On the regular representation of measures (Q2289771)

This paper concerns the problem of existence of a regular representation of probability measures which arises from the Ergodic theory specially in the study of stochastic stability of dynamical systems. Let \(M\) be a compact, oriented, and connected Riemannian manifold of class \(C^{k+2}, k\geq1, \) with boundary \(\partial M\) and let \(\bar{\mu}=\{ \mu_x\}_{x \in X}\) be a family of probability measures, parameterized by a compact Riemannian manifold \(X\) of class \(C^{k}\), that are absolutely continuous with respect to the volume measure on \(X \times M\) with densities \(\rho (\cdot, \cdot)\) of class \(C^k\) that are positive on the interior of \(M\) and satisfy some necessary assumptions on the decay towards the boundary \(\partial M\).
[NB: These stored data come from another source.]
lemma connected_graph_remove_leaf:
  assumes "connected_graph V E" "p \<in> V" "p \<noteq> v"
    and leaf: "\<And>e. e \<in> E \<Longrightarrow> v \<in> e \<Longrightarrow> e = {p, v}"
  shows "connected_graph (V - {v}) (E - {{p, v}})"
proof -
  let ?E' = "E - {{p, v}}"
  \<comment> \<open>Collapsing v onto p turns walks along E into walks that avoid the leaf edge.\<close>
  define retract where "retract z = (if z = v then p else z)" for z
  have retract_step: "(adj ?E')\<^sup>=\<^sup>= (retract y) (retract z)" if "adj E y z" for y z
  proof (cases "{y, z} = {p, v}")
    case True
    then have "retract y = retract z"
      using assms(3) unfolding retract_def by (metis doubleton_eq_iff)
    then show ?thesis by simp
  next
    case False
    have "{y, z} \<in> E" using that by (simp add: adj_def)
    then have "y \<noteq> v" "z \<noteq> v" using False leaf[OF \<open>{y, z} \<in> E\<close>] by (metis insert_iff)+
    then show ?thesis using False \<open>{y, z} \<in> E\<close> by (simp add: retract_def adj_def)
  qed
  have lift: "(adj ?E')\<^sup>*\<^sup>* (retract a) (retract b)" if "(adj E)\<^sup>*\<^sup>* a b" for a b
    using that
  proof (induction rule: rtranclp_induct)
    case (step y z)
    from retract_step[OF step.hyps(2)]
    have "retract y = retract z \<or> adj ?E' (retract y) (retract z)" by auto
    with step.IH show ?case by (metis rtranclp.rtrancl_into_rtrancl)
  qed simp
  show ?thesis
    unfolding connected_graph_def
  proof (intro conjI ballI)
    show "V - {v} \<noteq> {}" using assms(2,3) by blast
    fix a b assume "a \<in> V - {v}" "b \<in> V - {v}"
    then show "(adj ?E')\<^sup>*\<^sup>* a b"
      using lift[of a b] assms(1) by (simp add: connected_graph_def retract_def)
  qed
qed

lemma is_tree_remove_leaf:
  assumes "is_tree V E" "{p, v} \<in> E" and leaf: "\<And>e. e \<in> E \<Longrightarrow> v \<in> e \<Longrightarrow> e = {p, v}"
  shows "is_tree (V - {v}) (E - {{p, v}})"
proof -
  from assms(1) have sg: "simple_graph V E" and con: "connected_graph V E"
    and ac: "acyclic_graph E"
    by (simp_all add: is_tree_def)
  then have "p \<in> V" "p \<noteq> v" using assms(2) by (auto simp: simple_graph_def)
  then show ?thesis
    unfolding is_tree_def
    using simple_graph_remove_leaf[OF sg leaf] connected_graph_remove_leaf[OF con _ _ leaf]
      acyclic_graph_subset[OF ac Diff_subset]
    by blast
qed

lemma tree_card_vertices:
  assumes "is_tree V E"
  shows "card V = card E + 1"
  using assms
proof (induction "card V" arbitrary: V E rule: less_induct)
  case less
  then have sg: "simple_graph V E" and con: "connected_graph V E" and ac: "acyclic_graph E"
    by (auto simp: is_tree_def)
  have fin: "finite V" using sg by (simp add: simple_graph_def)
  show ?case
  proof (cases "E = {}")
    case True
    obtain u where u: "u \<in> V" using con by (auto simp: connected_graph_def)
    have "w = u" if "w \<in> V" for w
    proof -
      have "(adj {})\<^sup>*\<^sup>* u w" using con True u that by (simp add: connected_graph_def)
      then show "w = u" by (induction rule: rtranclp_induct) (auto simp: adj_def)
    qed
    then have "V = {u}" using u by blast
    then show ?thesis using True by simp
  next
    case False
    then obtain p v where pv: "{p, v} \<in> E" and leaf: "\<And>e. e \<in> E \<Longrightarrow> v \<in> e \<Longrightarrow> e = {p, v}"
      using acyclic_graph_leafE[OF sg ac] by metis
    have "v \<in> V" using sg pv by (auto simp: simple_graph_def)
    then have "card (V - {v}) < card V" using fin by (rule card_Diff1_less[rotated])
    then have "card (V - {v}) = card (E - {{p, v}}) + 1"
      using less.hyps is_tree_remove_leaf[OF less.prems pv leaf] by blast
    moreover have "card V \<noteq> 0" "card E \<noteq> 0"
      using \<open>v \<in> V\<close> pv fin simple_graph_finite_edges[OF sg] by auto
    ultimately show ?thesis
      using \<open>v \<in> V\<close> pv by (simp add: card_Diff_singleton)
  qed
qed

lemma sum_two_valued:
  fixes g :: "'b \<Rightarrow> int"
  assumes "finite S" "\<forall>x\<in>S. g x = c \<or> g x = - c"
  shows "(\<Sum>x\<in>S. g x) = c * (int (card {x\<in>S. g x = c}) - int (card {x\<in>S. g x = - c}))"
proof (cases "c = 0")
  case True
  then show ?thesis using assms(2) by simp
next
  case False
  let ?P = "{x\<in>S. g x = c}" and ?N = "{x\<in>S. g x = - c}"
  have "S = ?P \<union> ?N" "?P \<inter> ?N = {}" using assms(2) False by auto
  then have "(\<Sum>x\<in>S. g x) = (\<Sum>x\<in>?P. g x) + (\<Sum>x\<in>?N. g x)"
    using assms(1) by (metis finite_Un sum.union_disjoint)
  also have "(\<Sum>x\<in>?P. g x) = (\<Sum>x\<in>?P. c)" by (rule sum.cong) simp_all
  also have "(\<Sum>x\<in>?N. g x) = (\<Sum>x\<in>?N. - c)" by (rule sum.cong) simp_all
  finally show ?thesis by (simp add: algebra_simps)
qed

lemma card_two_valued:
  fixes g :: "'b \<Rightarrow> int"
  assumes "finite S" "\<forall>x\<in>S. g x = c \<or> g x = - c" "c \<noteq> 0"
  shows "card S = card {x\<in>S. g x = c} + card {x\<in>S. g x = - c}"
proof -
  have "S = {x\<in>S. g x = c} \<union> {x\<in>S. g x = - c}"
    "{x\<in>S. g x = c} \<inter> {x\<in>S. g x = - c} = {}"
    using assms(2,3) by auto
  then show ?thesis using assms(1) by (metis card_Un_disjoint finite_Un)
qed

lemma sum_vlabel_eq_twice_sum_labels:
  assumes "simple_graph V E"
  shows "(\<Sum>v\<in>V. vlabel E f v) = 2 * (\<Sum>e\<in>E. f e)"
proof -
  have fin: "finite V" using assms by (simp add: simple_graph_def)
  have "(\<Sum>v\<in>V. vlabel E f v) = (\<Sum>e\<in>E. \<Sum>v\<in>{v\<in>V. v \<in> e}. f e)"
    unfolding vlabel_def by (rule sum.swap_restrict[OF fin simple_graph_finite_edges[OF assms]])
  also have "\<dots> = (\<Sum>e\<in>E. 2 * f e)"
  proof (rule sum.cong)
    fix e assume "e \<in> E"
    then have "{v\<in>V. v \<in> e} = e" "card e = 2" using assms by (auto simp: simple_graph_def)
    then show "(\<Sum>v\<in>{v\<in>V. v \<in> e}. f e) = 2 * f e" by simp
  qed simp
  finally show ?thesis by (simp add: sum_distrib_left)
qed

(* a - b and c - d have opposite parity, so one of them is 0 and the other is \<plusminus>1. *)
lemma unbalanced_signed_counts:
  fixes a b c d K :: int
  assumes "a + b = c + d + 1" "K * (a - b) = 2 * (c - d)"
    and "\<bar>a - b\<bar> \<le> 1" "\<bar>c - d\<bar> \<le> 1" "K > 0"
  shows False
proof -
  consider "a - b = 0" | "a - b = 1" | "a - b = -1" using assms(3) by linarith
  then show False
  proof cases
    case 1
    then show False using assms(1,2) by presburger
  next
    case 2
    then have "K = 2 * (c - d)" using assms(2) by simp
    then show False using assms(1,4,5) 2 by presburger
  next
    case 3
    then have "K = - 2 * (c - d)" using assms(2) by simp
    then show False using assms(1,4,5) 3 by presburger
  qed
qed

lemma constant_magnitude_labeling_counts:
  assumes "simple_graph V E" "labeling E f" "K > 0" "\<forall>v\<in>V. \<bar>vlabel E f v\<bar> = K"
  shows "card V = v_count V E f K + v_count V E f (-K)"
    and "card E = e_count E f 1 + e_count E f (-1)"
    and "K * (int (v_count V E f K) - int (v_count V E f (-K)))
           = 2 * (int (e_count E f 1) - int (e_count E f (-1)))"
proof -
  have fin: "finite V" "finite E"
    using assms(1) simple_graph_finite_edges by (auto simp: simple_graph_def)
  have vlabel_pm: "\<forall>v\<in>V. vlabel E f v = K \<or> vlabel E f v = - K" using assms(4) by auto
  have f_pm: "\<forall>e\<in>E. f e = 1 \<or> f e = - 1" using assms(2) by (auto simp: labeling_def)
  show "card V = v_count V E f K + v_count V E f (-K)"
    using card_two_valued[OF fin(1) vlabel_pm] assms(3) by (simp add: v_count_def)
  show "card E = e_count E f 1 + e_count E f (-1)"
    using card_two_valued[OF fin(2) f_pm] by (simp add: e_count_def)
  show "K * (int (v_count V E f K) - int (v_count V E f (-K)))
      = 2 * (int (e_count E f 1) - int (e_count E f (-1)))"
    using sum_vlabel_eq_twice_sum_labels[OF assms(1), of f] sum_two_valued[OF fin(1) vlabel_pm]
      sum_two_valued[OF fin(2) f_pm]
    by (simp add: v_count_def e_count_def)
qed

theorem corollary1:
  fixes V :: "'a set" and E :: "'a set set"
  assumes "is_tree V E"
  shows "\<not> H_cordial V E"
proof
  assume "H_cordial V E"
  then obtain f K where "labeling E f" "K > 0" "\<forall>v\<in>V. \<bar>vlabel E f v\<bar> = K"
    and edges_balanced: "\<bar>int (e_count E f 1) - int (e_count E f (-1))\<bar> \<le> 1"
    and vertices_balanced: "\<bar>int (v_count V E f K) - int (v_count V E f (-K))\<bar> \<le> 1"
    by (auto simp: H_cordial_def H_cordial_labeling_def)
  moreover have "simple_graph V E" using assms by (simp add: is_tree_def)
  ultimately have counts: "card V = v_count V E f K + v_count V E f (-K)"
      "card E = e_count E f 1 + e_count E f (-1)"
      "K * (int (v_count V E f K) - int (v_count V E f (-K)))
         = 2 * (int (e_count E f 1) - int (e_count E f (-1)))"
    using constant_magnitude_labeling_counts by blast+
  then show False
    using tree_card_vertices[OF assms] \<open>K > 0\<close>
      unbalanced_signed_counts[OF _ _ vertices_balanced edges_balanced]
    by simp
qed
lemma chebyshev_T_Suc_Suc_eq:
  "chebyshev_T (Suc (Suc n)) = [:0, 1:] * chebyshev_U (Suc n) - chebyshev_U n"
  by (rule two_term_recurrence_unique[where c = "[:0, 2:]"
        and f = "\<lambda>n. chebyshev_T (Suc (Suc n))"
        and g = "\<lambda>n. [:0, 1:] * chebyshev_U (Suc n) - chebyshev_U n"])
     (simp_all only: chebyshev_U.simps chebyshev_T.simps, algebra, simp_all add: numeral_2_eq_2 one_pCons)

lemma pderiv_chebyshev_T:
  "pderiv (chebyshev_T (Suc n)) = smult (real (Suc n)) (chebyshev_U n)"
proof (induction n rule: induct_nat_012)
  case (ge2 n)
  have "pderiv (chebyshev_T (Suc (Suc (Suc n)))) =
        smult 2 (chebyshev_T (Suc (Suc n))) + [:0, 2:] * pderiv (chebyshev_T (Suc (Suc n)))
        - pderiv (chebyshev_T (Suc n))"
    by (simp only: chebyshev_T.simps(3)[of "Suc n"] pderiv_mult pderiv_diff) (simp add: pderiv_pCons)
  also have "\<dots> = smult 2 ([:0, 1:] * chebyshev_U (Suc n) - chebyshev_U n)
        + [:0, 2:] * smult (real (Suc (Suc n))) (chebyshev_U (Suc n))
        - smult (real (Suc n)) (chebyshev_U n)"
    using ge2 chebyshev_T_Suc_Suc_eq[of n] by simp
  also have "\<dots> = smult (real (Suc (Suc (Suc n)))) (chebyshev_U (Suc (Suc n)))"
    by (intro poly_ext) (simp add: algebra_simps)
  finally show ?case .
qed (simp_all add: pderiv_pCons numeral_2_eq_2 one_pCons)

lemma poly_chebyshev_T_cos: "poly (chebyshev_T n) (cos t) = cos (real n * t)"
proof (induction n rule: induct_nat_012)
  case (ge2 n)
  have "cos (real (Suc (Suc n)) * t) = 2 * cos t * cos (real (Suc n) * t) - cos (real n * t)"
    using cos_add[of "real (Suc n) * t" t] cos_diff[of "real (Suc n) * t" t]
    by (simp add: algebra_simps)
  with ge2 show ?case by simp
qed simp_all

lemma abs_poly_chebyshev_T_le_1: "\<bar>x\<bar> \<le> 1 \<Longrightarrow> \<bar>poly (chebyshev_T n) x\<bar> \<le> 1"
  using poly_chebyshev_T_cos[of n "arccos x"] by (simp add: cos_arccos_abs)

lemma poly_chebyshev_T_1: "poly (chebyshev_T n) 1 = 1"
  using poly_chebyshev_T_cos[of n 0] by simp

lemma poly_chebyshev_U_1: "poly (chebyshev_U n) 1 = real n + 1"
  by (induction n rule: induct_nat_012) simp_all

section \<open>Nonnegative combinations of Chebyshev polynomials\<close>

inductive chebyshev_cone :: "nat \<Rightarrow> real poly \<Rightarrow> bool" for M where
  zero: "chebyshev_cone M 0"
| add_T: "chebyshev_cone M p \<Longrightarrow> 0 \<le> c \<Longrightarrow> j \<le> M \<Longrightarrow>
    chebyshev_cone M (p + smult c (chebyshev_T j))"
section \<open>Counting reduced exponent vectors\<close>

definition leading_index :: "(nat \<Rightarrow> nat) \<Rightarrow> nat" where
  "leading_index e = (LEAST i. e i \<noteq> 0)"

definition cyclic_succ :: "nat \<Rightarrow> nat \<Rightarrow> nat" where
  "cyclic_succ D v = (if v < D then v + 1 else 1)"

definition bump_leading :: "nat \<Rightarrow> (nat \<Rightarrow> nat) \<Rightarrow> nat \<Rightarrow> nat" where
  "bump_leading D e = e(leading_index e := cyclic_succ D (e (leading_index e)))"

lemma leading_index_nonzero: "e i \<noteq> 0 \<Longrightarrow> e (leading_index e) \<noteq> 0"
  unfolding leading_index_def by (rule LeastI)

lemma less_leading_index_zero: "i < leading_index e \<Longrightarrow> e i = 0"
  unfolding leading_index_def using not_less_Least by blast

lemma leading_index_eqI: "e j \<noteq> 0 \<Longrightarrow> (\<And>i. i < j \<Longrightarrow> e i = 0) \<Longrightarrow> leading_index e = j"
  unfolding leading_index_def by (rule Least_equality) (auto simp: not_less[symmetric])

lemma inj_on_cyclic_succ: "inj_on (cyclic_succ D) {1..D}"
  unfolding inj_on_def cyclic_succ_def by auto

lemma leading_index_le_if_reduced:
  assumes "e \<in> reduced_exponents D n k"
  shows "leading_index e \<le> n" "e (leading_index e) \<in> {1..D}"
proof -
  have e: "\<forall>i. e i \<le> D" "\<forall>i>n. e i = 0" "\<exists>i. e i \<noteq> 0"
    using assms by (auto simp: reduced_exponents_def)
  then have nz: "e (leading_index e) \<noteq> 0" using leading_index_nonzero by blast
  then show "leading_index e \<le> n" using e(2) by (meson not_le)
  show "e (leading_index e) \<in> {1..D}" using nz e(1) by (simp add: Suc_le_eq)
qed

lemma sum_bump_leading:
  assumes "e \<in> reduced_exponents D n k"
  shows "(\<Sum>i\<le>n. bump_leading D e i) + (if e (leading_index e) = D then D else 0)
    = (\<Sum>i\<le>n. e i) + 1"
proof -
  let ?j = "leading_index e"
  define r where "r = (\<Sum>i\<le>n. (e(?j := 0)) i)"
  have "?j \<le> n" "e ?j \<in> {1..D}" using leading_index_le_if_reduced[OF assms] by auto
  moreover have "(\<Sum>i\<le>n. e i) = e ?j + r" "(\<Sum>i\<le>n. bump_leading D e i) = cyclic_succ D (e ?j) + r"
    using sum_eq_fun_upd_zero[where A = "{..n}" and j = ?j and f = e]
      sum_eq_fun_upd_zero[where A = "{..n}" and j = ?j and f = "bump_leading D e"] \<open>?j \<le> n\<close>
    by (simp_all add: r_def bump_leading_def)
  ultimately show ?thesis by (auto simp: cyclic_succ_def)
qed

lemma leading_index_bump_leading:
  assumes "D \<ge> 1" "e \<in> reduced_exponents D n k"
  shows "leading_index (bump_leading D e) = leading_index e"
  by (intro leading_index_eqI) (auto simp: bump_leading_def less_leading_index_zero cyclic_succ_def)

lemma bump_leading_in_reduced_exponents:
  assumes "D \<ge> 1" "e \<in> reduced_exponents D n k"
  shows "bump_leading D e \<in> reduced_exponents D n (Suc k)"
proof -
  let ?j = "leading_index e"
  let ?s = "\<Sum>i\<le>n. bump_leading D e i"
  have e: "(\<Sum>i\<le>n. e i) mod D = k mod D" "(\<Sum>i\<le>n. e i) \<le> k" "\<forall>i>n. e i = 0"
    using assms(2) by (auto simp: reduced_exponents_def)
  have "?s mod D = Suc k mod D \<and> ?s \<le> Suc k"
  proof (cases "e ?j = D")
    case True
    then have "?s + D = Suc (\<Sum>i\<le>n. e i)" using sum_bump_leading[OF assms(2)] by simp
    then have "?s mod D = Suc (\<Sum>i\<le>n. e i) mod D" by (metis mod_add_self2)
    then show ?thesis using e(1,2) \<open>?s + D = _\<close> by (metis mod_Suc_eq le_add1 order.trans Suc_le_mono)
  next
    case False
    then have "?s = Suc (\<Sum>i\<le>n. e i)" using sum_bump_leading[OF assms(2)] by simp
    then show ?thesis using e(1,2) by (metis mod_Suc_eq Suc_le_mono)
  qed
  moreover have "bump_leading D e ?j \<noteq> 0" "\<forall>i. bump_leading D e i \<le> D"
    "\<forall>i>n. bump_leading D e i = 0"
    using assms leading_index_le_if_reduced(1)[OF assms(2)]
    by (auto simp: bump_leading_def reduced_exponents_def cyclic_succ_def)
  ultimately show ?thesis unfolding reduced_exponents_def by blast
qed

lemma inj_on_bump_leading:
  assumes "D \<ge> 1"
  shows "inj_on (bump_leading D) (reduced_exponents D n k)"
proof (rule inj_onI)
  fix e e' assume e: "e \<in> reduced_exponents D n k" and e': "e' \<in> reduced_exponents D n k"
    and eq: "bump_leading D e = bump_leading D e'"
  define j where "j = leading_index e"
  have "leading_index e' = j"
    using eq leading_index_bump_leading[OF assms] e e' by (metis j_def)
  then have upd: "e(j := cyclic_succ D (e j)) = e'(j := cyclic_succ D (e' j))"
    using eq by (simp add: bump_leading_def j_def)
  then have "e j = e' j"
    using inj_on_cyclic_succ[of D] leading_index_le_if_reduced(2) e e' \<open>leading_index e' = j\<close>
    by (metis fun_upd_same inj_onD j_def)
  with upd show "e = e'" by (metis fun_upd_triv fun_upd_upd)
qed
(* Let $u$ be a (sufficiently smooth and decaying) solution of $i\phi\partial_tu-Hu=0$, let $L=\frac14\mathcal R_h+m^2-\Delta_h$, let $\psi$ be a real-valued function of the space variable, and set $$\Theta(t)=\langle\psi\,\phi\partial_tu,\phi\partial_tu\rangle_h+\mathrm{Re}\,\langle(2\psi L-L\psi)u,u\rangle_h .$$ Then $$\phi\partial_t\Theta=\mathrm{Re}\,\langle[L,\psi]u,\phi\partial_tu\rangle_h,\qquad(\phi\partial_t)^2\Theta=-\tfrac12\langle[L,[L,\psi]]u,u\rangle_h .$$
   Context: Setting: $h$ a Riemannian metric on a 3-dimensional domain $D(h)$, $\phi(t)>0$, space-time metric $g_{00}=\phi^{-2}$, $g_{0i}=0$, $g_{ij}=-h_{ij}$, assumed complete. $\langle f,g\rangle_h=\int_{D(h)}\bar f g\sqrt{\det h}\,dx$. $\Delta_h$ is the Laplace–Beltrami operator, $\mathcal R_h$ the scalar curvature of $h$; $\psi$ and $L\psi$ etc. denote compositions of operators (multiplication by $\psi$). $H=-\gamma^0(i\gamma^af_a^jD_j+m)$, $m\ge0$, where $\gamma^0=\mathrm{diag}(1,1,-1,-1)$, $\gamma^k=\gamma^0\begin{pmatrix}0&\sigma_k\\ \sigma_k&0\end{pmatrix}$ ($\sigma_k$ Pauli), $\gamma_a=\eta_{ab}\gamma^b$ with $\eta=\mathrm{diag}(1,-1,-1,-1)$, $f_a^i$ a dreibein ($h^{ij}=\sum_af_a^if_a^j$), $D_j=\partial_j+\frac18\alpha_j^{ab}[\gamma_a,\gamma_b]$ with $\alpha_i^{ab}=f^a_j\partial_if^{jb}+f^a_j\Lambda^j_{ik}f^{kb}$ and $\Lambda$ the Christoffel symbols of $h$. One has $H^2=L$, and $L$ is self-adjoint for $\langle\cdot,\cdot\rangle_h$. *)

theory Defs
  imports "HOL-Analysis.Analysis"
begin

text \<open>Spinor fields on the spatial domain: functions from R^3 (coordinates) to C^4.
  Only values on the domain D matter; operators are required to be local on D.\<close>

type_synonym sfield = "real^3 \<Rightarrow> complex^4"

definition cscale :: "complex \<Rightarrow> complex^4 \<Rightarrow> complex^4" where
  "cscale c w = (\<chi> k. c * w $ k)"

definition fadd :: "sfield \<Rightarrow> sfield \<Rightarrow> sfield" where
  "fadd f g = (\<lambda>x. f x + g x)"

definition fsmul :: "complex \<Rightarrow> sfield \<Rightarrow> sfield" where
  "fsmul c f = (\<lambda>x. cscale c (f x))"

definition fmul :: "(real^3 \<Rightarrow> real) \<Rightarrow> sfield \<Rightarrow> sfield" where
  "fmul \<psi> f = (\<lambda>x. cscale (complex_of_real (\<psi> x)) (f x))"

definition comm :: "(sfield \<Rightarrow> sfield) \<Rightarrow> (sfield \<Rightarrow> sfield) \<Rightarrow> sfield \<Rightarrow> sfield" where
  "comm A B f = fadd (A (B f)) (fsmul (-1) (B (A f)))"

definition hinner :: "(real^3) set \<Rightarrow> (real^3 \<Rightarrow> real^3^3) \<Rightarrow> sfield \<Rightarrow> sfield \<Rightarrow> complex" where
  "hinner D h f g =
     (LINT x:D|lborel. (\<Sum>k\<in>UNIV. cnj (f x $ k) * g x $ k) * complex_of_real (sqrt (det (h x))))"

definition wL2 :: "(real^3) set \<Rightarrow> (real^3 \<Rightarrow> real^3^3) \<Rightarrow> sfield \<Rightarrow> bool" where
  "wL2 D h f \<longleftrightarrow> set_borel_measurable lborel D f \<and>
     set_integrable lborel D (\<lambda>x. (norm (f x))\<^sup>2 * sqrt (det (h x)))"

definition tderiv_on :: "(real^3) set \<Rightarrow> (real \<Rightarrow> sfield) \<Rightarrow> (real \<Rightarrow> sfield) \<Rightarrow> bool" where
  "tderiv_on D a a' \<longleftrightarrow> (\<forall>t. \<forall>x\<in>D. ((\<lambda>s. a s x) has_vector_derivative a' t x) (at t))"

text \<open>A "sufficiently smooth and decaying" curve of fields: pointwise time-differentiable
  on D, measurable, and locally uniformly in time dominated (together with its time
  derivative) by a fixed weighted-square-integrable function.\<close>
definition decay_curve :: "(real^3) set \<Rightarrow> (real^3 \<Rightarrow> real^3^3) \<Rightarrow> (real \<Rightarrow> sfield) \<Rightarrow> (real \<Rightarrow> sfield) \<Rightarrow> bool" where
  "decay_curve D h a a' \<longleftrightarrow> tderiv_on D a a' \<and>
     (\<forall>t. set_borel_measurable lborel D (a t) \<and> set_borel_measurable lborel D (a' t)) \<and>
     (\<forall>T>0. \<exists>G. set_borel_measurable lborel D G \<and>
        set_integrable lborel D (\<lambda>x. (G x)\<^sup>2 * sqrt (det (h x))) \<and>
        (\<forall>t\<in>{-T..T}. \<forall>x\<in>D. norm (a t x) \<le> G x \<and> norm (a' t x) \<le> G x))"

definition local_on :: "(real^3) set \<Rightarrow> (sfield \<Rightarrow> sfield) \<Rightarrow> bool" where
  "local_on D A \<longleftrightarrow> (\<forall>f g. (\<forall>x\<in>D. f x = g x) \<longrightarrow> (\<forall>x\<in>D. A f x = A g x))"

end

theory Submission
  imports Defs
begin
Suppose \(\Omega\) is \(M\) or a subset of it and \(\Omega = (\Omega, P )\) is a Rochlin-Lebesgue probability space and there exists a constant \(C >0\) such that for every \(\omega \in \Omega \), the \(C^k\)-seminorm of the map \(x \mapsto T (x, \omega)\) is bounded by \(C\). The representation of the family \(\bar{\mu}\) is a measurable mapping \(T: X \times \Omega \to M\) such that \(\mu_x = T (X, \cdot)_{*} \mathbb{P}\) for each \(x \in X\), where \(T (X, \cdot)_{*} \mathbb{P}\) denotes the push forward of \(P\) by \(T (x, \cdot)\). Under these assumptions, the authors proved the existence of a representation such that the maps \(T(\cdot, \omega)\) are \(C^k\)-regular, uniformaly in \(\omega\). More precisely, there exists a family of piecewise \(C^k\)- maps \(T_x : M \to M\), such that \((T_x)_{*}\mu= \mu_x\), and a \(C^k\)-norm of \(x \mapsto T_x(m)\) is uniformly bounded in \(m \in M\). Furthermore, there were obtained the obstructions to bounded Lipschitz and \(C^k\) -representability.